▶ **TASK STATEMENT**:
Some of the lines below need repeating. Reproduce exactly those between the lines holding "text \<open>CLn T" and "T sig p (Suc", inclusive.

▶ **PROVIDED DATA**:
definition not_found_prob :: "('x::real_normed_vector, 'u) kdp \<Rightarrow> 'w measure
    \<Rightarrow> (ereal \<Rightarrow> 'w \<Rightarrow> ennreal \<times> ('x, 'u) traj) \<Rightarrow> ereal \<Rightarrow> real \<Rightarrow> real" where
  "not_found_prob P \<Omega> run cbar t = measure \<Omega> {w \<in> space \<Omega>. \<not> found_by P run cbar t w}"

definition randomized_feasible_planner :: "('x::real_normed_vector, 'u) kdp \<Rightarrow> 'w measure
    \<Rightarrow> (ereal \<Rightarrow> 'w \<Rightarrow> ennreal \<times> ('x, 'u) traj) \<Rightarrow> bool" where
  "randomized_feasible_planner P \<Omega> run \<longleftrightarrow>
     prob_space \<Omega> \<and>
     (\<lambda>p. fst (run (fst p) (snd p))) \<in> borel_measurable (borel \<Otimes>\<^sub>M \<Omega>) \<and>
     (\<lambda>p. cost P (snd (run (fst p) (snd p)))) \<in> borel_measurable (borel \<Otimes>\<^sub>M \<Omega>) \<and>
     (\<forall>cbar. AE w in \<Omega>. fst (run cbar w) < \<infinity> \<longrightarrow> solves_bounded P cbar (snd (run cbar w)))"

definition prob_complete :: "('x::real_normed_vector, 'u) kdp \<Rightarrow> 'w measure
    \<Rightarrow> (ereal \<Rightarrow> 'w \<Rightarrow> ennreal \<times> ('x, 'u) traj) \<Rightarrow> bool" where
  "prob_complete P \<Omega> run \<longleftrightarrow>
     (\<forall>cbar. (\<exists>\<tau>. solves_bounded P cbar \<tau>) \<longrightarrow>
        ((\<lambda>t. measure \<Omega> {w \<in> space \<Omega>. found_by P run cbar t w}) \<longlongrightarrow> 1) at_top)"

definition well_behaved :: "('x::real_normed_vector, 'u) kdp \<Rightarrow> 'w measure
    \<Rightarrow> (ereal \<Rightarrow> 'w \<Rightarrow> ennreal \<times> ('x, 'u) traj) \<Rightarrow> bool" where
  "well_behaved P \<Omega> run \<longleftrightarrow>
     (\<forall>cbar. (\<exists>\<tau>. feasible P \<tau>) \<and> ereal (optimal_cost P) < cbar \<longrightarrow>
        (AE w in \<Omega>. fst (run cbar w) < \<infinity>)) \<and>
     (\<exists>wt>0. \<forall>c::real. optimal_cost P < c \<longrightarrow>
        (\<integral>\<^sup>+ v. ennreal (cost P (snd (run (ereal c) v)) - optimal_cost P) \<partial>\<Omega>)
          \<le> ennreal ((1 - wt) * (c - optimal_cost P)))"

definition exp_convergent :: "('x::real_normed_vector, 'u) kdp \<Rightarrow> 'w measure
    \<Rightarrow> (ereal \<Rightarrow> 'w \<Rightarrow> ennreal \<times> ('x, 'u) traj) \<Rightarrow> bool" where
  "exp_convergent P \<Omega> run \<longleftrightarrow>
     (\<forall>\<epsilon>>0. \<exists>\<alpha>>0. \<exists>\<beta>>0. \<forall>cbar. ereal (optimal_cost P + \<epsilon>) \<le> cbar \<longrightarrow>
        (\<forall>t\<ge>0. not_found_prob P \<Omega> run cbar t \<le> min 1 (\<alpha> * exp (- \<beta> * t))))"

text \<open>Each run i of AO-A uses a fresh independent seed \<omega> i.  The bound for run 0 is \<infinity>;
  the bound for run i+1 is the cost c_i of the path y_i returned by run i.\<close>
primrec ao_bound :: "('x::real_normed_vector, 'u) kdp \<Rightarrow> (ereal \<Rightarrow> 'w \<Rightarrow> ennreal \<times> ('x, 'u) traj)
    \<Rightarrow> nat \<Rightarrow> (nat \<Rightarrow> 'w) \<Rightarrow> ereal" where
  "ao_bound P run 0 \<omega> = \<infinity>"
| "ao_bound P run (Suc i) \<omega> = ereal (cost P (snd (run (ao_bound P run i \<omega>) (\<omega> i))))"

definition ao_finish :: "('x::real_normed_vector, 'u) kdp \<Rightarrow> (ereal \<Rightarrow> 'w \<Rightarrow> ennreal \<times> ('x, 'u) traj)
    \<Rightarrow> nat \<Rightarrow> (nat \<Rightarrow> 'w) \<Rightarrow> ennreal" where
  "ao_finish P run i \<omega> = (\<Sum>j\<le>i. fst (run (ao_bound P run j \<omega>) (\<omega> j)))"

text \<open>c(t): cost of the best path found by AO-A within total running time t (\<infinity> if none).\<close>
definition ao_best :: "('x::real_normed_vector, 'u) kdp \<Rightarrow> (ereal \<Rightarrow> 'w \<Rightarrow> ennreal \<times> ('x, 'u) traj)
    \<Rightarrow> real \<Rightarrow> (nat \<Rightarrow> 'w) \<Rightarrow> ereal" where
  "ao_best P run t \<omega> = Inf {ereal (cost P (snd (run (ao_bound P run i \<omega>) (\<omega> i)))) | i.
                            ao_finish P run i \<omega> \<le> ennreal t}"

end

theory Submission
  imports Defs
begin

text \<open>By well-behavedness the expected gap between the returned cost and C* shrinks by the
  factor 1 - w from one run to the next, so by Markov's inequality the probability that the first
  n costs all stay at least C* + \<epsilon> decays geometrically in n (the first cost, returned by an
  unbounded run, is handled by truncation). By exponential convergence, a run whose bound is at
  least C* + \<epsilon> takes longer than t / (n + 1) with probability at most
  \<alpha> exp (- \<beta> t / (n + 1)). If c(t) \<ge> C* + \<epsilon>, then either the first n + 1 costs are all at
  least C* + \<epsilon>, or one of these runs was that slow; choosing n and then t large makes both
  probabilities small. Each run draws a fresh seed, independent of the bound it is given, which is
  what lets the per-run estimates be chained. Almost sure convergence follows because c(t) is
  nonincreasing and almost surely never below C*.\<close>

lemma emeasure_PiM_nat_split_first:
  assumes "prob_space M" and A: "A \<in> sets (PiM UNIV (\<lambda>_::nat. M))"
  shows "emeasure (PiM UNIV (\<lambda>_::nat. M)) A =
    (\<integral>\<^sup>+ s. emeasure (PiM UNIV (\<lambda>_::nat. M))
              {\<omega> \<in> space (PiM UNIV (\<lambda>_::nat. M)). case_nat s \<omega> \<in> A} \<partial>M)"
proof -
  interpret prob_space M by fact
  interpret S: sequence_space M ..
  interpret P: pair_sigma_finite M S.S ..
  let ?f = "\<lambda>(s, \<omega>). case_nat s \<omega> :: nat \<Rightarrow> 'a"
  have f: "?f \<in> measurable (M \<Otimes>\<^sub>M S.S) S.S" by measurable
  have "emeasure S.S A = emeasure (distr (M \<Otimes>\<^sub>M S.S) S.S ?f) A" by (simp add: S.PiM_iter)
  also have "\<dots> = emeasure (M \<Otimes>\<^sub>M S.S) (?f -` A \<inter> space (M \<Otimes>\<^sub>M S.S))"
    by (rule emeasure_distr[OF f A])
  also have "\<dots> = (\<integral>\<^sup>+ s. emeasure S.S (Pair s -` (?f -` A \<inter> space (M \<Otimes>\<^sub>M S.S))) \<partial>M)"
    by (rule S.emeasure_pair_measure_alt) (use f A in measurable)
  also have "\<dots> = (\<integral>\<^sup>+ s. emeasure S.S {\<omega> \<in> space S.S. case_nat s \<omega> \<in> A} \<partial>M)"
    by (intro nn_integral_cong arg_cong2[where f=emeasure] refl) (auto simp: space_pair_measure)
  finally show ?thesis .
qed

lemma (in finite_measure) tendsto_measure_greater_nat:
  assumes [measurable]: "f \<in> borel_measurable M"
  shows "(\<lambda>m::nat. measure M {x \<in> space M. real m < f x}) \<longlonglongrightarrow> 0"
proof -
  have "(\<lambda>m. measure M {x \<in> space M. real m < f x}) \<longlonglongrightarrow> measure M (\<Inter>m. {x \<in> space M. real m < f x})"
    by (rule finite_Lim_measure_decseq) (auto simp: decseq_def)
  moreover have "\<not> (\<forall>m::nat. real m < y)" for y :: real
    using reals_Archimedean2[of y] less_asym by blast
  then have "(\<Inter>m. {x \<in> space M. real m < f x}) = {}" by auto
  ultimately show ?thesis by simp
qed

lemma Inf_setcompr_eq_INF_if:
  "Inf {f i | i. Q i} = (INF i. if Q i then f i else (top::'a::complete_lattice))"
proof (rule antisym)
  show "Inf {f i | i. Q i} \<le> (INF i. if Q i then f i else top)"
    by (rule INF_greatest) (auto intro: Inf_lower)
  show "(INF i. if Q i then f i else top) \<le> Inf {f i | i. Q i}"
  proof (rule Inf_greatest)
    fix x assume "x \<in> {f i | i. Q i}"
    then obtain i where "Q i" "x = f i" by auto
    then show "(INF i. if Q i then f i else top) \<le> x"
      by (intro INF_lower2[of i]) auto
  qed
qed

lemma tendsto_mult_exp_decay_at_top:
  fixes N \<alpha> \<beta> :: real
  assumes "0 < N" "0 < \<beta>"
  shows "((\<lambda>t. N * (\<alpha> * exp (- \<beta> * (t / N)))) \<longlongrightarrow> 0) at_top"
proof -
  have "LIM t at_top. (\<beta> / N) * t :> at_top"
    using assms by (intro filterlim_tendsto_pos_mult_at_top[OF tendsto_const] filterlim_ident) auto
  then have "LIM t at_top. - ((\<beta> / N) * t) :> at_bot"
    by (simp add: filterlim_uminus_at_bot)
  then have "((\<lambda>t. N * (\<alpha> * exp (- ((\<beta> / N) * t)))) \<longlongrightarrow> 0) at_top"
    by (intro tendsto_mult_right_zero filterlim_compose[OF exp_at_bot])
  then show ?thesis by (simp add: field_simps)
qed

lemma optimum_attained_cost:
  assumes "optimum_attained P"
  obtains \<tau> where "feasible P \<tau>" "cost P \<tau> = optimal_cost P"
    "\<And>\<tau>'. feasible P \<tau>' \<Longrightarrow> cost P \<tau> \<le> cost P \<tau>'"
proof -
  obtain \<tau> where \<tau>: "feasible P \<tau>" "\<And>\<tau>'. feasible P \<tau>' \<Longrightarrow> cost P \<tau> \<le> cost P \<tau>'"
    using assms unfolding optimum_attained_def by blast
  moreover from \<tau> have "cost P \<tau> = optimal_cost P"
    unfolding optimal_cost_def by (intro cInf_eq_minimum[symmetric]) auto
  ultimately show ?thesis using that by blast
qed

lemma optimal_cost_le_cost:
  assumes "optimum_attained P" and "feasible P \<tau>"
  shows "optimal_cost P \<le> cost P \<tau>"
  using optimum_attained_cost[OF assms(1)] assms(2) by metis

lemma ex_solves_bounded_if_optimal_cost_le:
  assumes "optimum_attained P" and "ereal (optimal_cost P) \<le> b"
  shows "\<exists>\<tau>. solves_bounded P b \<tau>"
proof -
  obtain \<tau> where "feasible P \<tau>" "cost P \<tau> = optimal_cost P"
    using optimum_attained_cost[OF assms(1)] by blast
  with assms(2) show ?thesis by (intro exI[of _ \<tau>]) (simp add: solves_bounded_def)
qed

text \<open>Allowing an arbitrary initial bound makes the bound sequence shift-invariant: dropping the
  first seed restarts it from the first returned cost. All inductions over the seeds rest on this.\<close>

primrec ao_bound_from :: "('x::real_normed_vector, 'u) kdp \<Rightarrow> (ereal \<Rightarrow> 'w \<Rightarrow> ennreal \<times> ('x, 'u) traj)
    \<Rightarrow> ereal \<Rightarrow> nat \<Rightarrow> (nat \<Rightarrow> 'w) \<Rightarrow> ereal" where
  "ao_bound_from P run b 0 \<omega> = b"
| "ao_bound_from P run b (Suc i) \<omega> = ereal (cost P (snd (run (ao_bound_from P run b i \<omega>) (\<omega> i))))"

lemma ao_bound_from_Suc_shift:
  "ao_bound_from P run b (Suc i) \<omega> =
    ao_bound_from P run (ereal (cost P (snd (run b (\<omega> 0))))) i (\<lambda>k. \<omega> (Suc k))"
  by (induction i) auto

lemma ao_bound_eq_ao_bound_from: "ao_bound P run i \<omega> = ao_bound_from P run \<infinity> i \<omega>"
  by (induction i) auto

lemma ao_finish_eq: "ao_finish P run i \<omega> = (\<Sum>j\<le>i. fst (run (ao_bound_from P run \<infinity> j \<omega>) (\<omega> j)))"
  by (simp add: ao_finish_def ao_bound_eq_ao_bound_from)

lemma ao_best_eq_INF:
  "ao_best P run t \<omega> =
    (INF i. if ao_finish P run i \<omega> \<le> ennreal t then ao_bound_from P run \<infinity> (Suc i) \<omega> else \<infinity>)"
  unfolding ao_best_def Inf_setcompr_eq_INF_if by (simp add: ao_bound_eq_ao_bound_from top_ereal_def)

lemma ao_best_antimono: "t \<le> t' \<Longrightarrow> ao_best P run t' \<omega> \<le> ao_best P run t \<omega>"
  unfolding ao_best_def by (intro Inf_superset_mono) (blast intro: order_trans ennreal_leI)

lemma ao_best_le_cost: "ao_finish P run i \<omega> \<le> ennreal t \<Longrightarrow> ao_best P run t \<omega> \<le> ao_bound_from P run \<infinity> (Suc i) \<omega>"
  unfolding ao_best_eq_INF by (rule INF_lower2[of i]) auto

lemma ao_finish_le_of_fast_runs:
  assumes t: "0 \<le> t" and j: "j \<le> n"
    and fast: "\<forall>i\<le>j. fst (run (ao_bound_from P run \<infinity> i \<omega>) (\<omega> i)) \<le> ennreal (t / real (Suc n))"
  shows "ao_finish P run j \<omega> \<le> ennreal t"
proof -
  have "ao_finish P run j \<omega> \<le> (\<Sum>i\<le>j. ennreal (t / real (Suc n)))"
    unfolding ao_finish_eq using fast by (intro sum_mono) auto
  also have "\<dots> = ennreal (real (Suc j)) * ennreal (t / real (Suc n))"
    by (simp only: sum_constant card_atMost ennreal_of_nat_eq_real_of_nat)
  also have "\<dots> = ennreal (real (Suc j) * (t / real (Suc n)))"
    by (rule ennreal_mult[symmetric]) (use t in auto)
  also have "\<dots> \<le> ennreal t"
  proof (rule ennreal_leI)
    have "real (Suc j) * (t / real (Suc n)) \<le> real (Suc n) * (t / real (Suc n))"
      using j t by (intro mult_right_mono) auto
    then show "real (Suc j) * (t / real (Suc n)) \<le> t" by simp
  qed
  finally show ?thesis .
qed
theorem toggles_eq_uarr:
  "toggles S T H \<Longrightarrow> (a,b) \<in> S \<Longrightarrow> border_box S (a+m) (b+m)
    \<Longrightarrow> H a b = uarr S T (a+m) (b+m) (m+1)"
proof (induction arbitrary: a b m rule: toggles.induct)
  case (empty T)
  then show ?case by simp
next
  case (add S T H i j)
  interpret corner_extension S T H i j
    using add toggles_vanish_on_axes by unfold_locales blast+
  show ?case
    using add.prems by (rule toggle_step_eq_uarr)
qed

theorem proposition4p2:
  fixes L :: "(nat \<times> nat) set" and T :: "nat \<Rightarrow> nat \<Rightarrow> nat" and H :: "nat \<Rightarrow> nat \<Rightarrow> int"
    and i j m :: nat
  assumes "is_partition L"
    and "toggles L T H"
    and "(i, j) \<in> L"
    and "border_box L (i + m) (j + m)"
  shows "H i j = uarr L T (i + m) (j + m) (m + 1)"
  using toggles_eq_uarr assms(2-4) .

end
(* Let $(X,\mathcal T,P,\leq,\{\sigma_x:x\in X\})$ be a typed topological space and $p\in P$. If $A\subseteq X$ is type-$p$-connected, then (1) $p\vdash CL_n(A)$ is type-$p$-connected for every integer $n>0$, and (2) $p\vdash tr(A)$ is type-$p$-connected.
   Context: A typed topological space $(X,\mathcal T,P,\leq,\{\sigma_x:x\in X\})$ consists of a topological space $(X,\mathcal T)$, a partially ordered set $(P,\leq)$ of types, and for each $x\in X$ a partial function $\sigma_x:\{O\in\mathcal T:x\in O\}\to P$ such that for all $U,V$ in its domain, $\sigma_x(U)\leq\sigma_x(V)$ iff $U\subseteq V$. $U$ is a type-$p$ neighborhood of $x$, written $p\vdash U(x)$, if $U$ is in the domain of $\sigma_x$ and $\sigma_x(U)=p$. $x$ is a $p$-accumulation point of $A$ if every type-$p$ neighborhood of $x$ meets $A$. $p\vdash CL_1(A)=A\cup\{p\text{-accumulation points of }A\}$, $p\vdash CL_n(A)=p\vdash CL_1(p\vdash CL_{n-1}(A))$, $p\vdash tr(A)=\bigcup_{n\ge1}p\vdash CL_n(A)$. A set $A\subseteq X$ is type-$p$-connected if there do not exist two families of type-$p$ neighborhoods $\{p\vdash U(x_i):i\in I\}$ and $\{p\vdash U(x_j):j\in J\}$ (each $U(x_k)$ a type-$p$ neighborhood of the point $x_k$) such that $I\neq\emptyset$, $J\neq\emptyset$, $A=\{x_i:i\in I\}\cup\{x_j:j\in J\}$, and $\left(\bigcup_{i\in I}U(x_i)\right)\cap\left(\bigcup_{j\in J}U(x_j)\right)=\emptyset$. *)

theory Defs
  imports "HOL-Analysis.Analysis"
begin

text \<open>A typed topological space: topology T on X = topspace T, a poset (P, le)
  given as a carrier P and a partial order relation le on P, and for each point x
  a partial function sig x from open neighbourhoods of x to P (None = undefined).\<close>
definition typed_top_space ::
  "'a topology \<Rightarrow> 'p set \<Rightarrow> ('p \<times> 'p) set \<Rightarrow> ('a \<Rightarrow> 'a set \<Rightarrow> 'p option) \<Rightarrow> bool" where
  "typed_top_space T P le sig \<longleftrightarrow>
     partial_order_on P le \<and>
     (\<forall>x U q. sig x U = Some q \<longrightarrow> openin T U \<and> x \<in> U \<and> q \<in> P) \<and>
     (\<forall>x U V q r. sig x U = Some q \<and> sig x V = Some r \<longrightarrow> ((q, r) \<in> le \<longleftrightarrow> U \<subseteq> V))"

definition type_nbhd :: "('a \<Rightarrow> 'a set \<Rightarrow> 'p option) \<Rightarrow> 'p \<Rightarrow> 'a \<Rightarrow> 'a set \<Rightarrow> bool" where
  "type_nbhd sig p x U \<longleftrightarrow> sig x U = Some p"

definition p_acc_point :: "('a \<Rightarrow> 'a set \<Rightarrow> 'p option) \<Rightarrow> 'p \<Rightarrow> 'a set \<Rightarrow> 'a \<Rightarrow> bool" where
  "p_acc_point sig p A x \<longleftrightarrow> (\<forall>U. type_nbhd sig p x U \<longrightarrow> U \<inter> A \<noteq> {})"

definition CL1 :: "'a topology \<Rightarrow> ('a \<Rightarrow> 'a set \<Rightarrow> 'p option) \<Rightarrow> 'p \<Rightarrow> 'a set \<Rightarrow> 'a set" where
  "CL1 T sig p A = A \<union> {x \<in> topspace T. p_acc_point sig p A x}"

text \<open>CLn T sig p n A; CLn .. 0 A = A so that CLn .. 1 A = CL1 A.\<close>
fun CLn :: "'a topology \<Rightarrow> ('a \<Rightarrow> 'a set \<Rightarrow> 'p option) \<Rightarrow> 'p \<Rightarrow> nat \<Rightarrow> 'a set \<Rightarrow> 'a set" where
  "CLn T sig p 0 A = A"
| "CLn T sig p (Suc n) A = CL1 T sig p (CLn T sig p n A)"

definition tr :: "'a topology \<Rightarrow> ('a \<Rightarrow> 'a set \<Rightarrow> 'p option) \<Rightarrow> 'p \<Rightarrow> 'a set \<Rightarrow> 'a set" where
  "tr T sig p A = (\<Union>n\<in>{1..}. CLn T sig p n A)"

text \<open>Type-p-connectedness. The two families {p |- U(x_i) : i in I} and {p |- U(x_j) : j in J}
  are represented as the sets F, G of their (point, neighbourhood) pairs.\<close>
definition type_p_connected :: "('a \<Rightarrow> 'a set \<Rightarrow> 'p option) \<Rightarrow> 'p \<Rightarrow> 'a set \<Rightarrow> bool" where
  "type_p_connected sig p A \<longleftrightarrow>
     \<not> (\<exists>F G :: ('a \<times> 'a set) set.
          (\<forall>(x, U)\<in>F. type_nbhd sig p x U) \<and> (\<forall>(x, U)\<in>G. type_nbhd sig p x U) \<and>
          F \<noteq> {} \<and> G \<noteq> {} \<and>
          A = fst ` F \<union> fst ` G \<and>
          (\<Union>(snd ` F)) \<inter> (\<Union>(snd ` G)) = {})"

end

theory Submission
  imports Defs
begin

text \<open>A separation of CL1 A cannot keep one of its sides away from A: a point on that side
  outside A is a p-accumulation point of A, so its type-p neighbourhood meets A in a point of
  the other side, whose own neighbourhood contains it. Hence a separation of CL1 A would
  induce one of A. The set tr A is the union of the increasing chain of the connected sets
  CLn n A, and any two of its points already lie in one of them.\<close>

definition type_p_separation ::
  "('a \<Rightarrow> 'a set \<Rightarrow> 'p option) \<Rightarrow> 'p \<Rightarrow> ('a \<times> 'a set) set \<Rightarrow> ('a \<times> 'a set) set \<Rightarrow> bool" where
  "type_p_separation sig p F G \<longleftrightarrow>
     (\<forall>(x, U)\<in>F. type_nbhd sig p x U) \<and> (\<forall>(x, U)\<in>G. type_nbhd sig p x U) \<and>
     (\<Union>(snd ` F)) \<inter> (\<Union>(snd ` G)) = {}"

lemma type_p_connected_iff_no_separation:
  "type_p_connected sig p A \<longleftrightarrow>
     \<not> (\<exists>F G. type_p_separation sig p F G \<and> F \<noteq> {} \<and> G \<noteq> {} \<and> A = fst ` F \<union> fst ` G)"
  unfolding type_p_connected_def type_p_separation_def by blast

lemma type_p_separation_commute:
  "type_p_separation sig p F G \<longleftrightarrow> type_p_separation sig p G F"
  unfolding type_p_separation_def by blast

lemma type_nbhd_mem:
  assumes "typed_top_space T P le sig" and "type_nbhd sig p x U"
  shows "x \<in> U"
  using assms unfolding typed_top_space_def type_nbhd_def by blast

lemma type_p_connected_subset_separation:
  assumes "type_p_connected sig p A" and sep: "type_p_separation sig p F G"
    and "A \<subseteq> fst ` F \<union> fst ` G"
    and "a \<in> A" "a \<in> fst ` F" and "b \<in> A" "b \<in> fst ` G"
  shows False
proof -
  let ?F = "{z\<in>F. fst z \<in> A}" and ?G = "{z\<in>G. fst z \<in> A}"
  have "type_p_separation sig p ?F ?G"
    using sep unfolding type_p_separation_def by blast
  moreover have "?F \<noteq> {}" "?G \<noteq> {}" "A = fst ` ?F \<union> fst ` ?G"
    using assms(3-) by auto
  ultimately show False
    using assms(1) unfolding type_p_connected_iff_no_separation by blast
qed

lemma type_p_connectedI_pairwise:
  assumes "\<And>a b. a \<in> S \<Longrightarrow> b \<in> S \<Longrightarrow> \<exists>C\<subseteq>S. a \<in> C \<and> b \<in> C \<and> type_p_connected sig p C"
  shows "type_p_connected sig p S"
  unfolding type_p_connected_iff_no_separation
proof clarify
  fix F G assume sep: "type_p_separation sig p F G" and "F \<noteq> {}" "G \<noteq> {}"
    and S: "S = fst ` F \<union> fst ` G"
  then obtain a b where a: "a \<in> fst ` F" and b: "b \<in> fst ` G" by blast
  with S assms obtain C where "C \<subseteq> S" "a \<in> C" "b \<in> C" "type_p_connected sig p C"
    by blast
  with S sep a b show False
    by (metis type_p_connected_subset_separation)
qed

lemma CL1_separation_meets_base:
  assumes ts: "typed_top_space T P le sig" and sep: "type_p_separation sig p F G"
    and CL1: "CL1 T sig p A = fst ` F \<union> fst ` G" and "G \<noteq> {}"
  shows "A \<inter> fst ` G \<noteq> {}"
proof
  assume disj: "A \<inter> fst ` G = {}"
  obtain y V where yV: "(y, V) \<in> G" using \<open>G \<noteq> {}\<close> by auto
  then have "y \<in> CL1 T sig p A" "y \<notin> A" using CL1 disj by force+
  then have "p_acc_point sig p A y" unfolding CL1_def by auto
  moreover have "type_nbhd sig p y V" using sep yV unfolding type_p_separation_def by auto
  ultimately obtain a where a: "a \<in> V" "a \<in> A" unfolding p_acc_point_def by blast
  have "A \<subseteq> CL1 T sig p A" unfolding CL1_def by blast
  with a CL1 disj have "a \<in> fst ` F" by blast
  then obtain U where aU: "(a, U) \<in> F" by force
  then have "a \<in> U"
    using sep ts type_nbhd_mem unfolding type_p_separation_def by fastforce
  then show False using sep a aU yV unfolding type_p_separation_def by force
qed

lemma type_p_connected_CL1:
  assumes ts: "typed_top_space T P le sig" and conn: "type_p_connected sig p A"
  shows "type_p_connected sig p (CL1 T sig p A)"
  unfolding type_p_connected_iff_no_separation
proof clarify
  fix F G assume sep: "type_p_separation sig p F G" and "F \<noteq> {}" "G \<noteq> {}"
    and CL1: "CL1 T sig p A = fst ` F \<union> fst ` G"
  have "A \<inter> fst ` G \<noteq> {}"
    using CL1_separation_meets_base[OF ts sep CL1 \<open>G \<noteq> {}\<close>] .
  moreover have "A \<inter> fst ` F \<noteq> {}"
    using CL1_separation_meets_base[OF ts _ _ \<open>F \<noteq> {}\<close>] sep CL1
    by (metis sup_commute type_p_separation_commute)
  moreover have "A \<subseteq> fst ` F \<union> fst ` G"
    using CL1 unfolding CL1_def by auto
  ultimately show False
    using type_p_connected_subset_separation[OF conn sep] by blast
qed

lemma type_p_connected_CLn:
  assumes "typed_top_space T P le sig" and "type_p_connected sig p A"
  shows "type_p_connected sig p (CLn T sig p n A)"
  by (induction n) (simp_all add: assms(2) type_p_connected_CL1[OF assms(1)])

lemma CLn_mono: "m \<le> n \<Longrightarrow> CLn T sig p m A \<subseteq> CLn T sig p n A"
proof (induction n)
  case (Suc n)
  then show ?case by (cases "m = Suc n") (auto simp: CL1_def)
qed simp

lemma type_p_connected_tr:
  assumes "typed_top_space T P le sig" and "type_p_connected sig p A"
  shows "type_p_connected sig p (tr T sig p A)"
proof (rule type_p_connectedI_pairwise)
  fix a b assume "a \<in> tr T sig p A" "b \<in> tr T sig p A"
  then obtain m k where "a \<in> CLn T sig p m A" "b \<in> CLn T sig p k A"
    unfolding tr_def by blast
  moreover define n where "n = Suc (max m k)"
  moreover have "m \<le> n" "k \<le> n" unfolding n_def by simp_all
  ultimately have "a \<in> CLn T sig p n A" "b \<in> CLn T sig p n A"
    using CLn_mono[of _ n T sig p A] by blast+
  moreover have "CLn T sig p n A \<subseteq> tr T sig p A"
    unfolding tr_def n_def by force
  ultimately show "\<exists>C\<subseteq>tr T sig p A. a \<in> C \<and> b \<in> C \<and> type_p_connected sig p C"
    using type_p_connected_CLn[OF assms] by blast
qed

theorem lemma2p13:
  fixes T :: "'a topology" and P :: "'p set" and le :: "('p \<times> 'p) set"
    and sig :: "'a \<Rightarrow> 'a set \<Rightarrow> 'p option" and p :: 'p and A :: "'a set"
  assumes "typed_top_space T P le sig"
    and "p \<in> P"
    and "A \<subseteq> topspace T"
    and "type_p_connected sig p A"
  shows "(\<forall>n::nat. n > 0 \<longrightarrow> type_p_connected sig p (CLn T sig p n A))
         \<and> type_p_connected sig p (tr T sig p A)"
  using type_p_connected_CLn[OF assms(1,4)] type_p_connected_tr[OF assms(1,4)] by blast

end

▶ **SOLUTION BELOW**:
text \<open>CLn T sig p n A; CLn .. 0 A = A so that CLn .. 1 A = CL1 A.\<close>
fun CLn :: "'a topology \<Rightarrow> ('a \<Rightarrow> 'a set \<Rightarrow> 'p option) \<Rightarrow> 'p \<Rightarrow> nat \<Rightarrow> 'a set \<Rightarrow> 'a set" where
  "CLn T sig p 0 A = A"
| "CLn T sig p (Suc n) A = CL1 T sig p (CLn T sig p n A)"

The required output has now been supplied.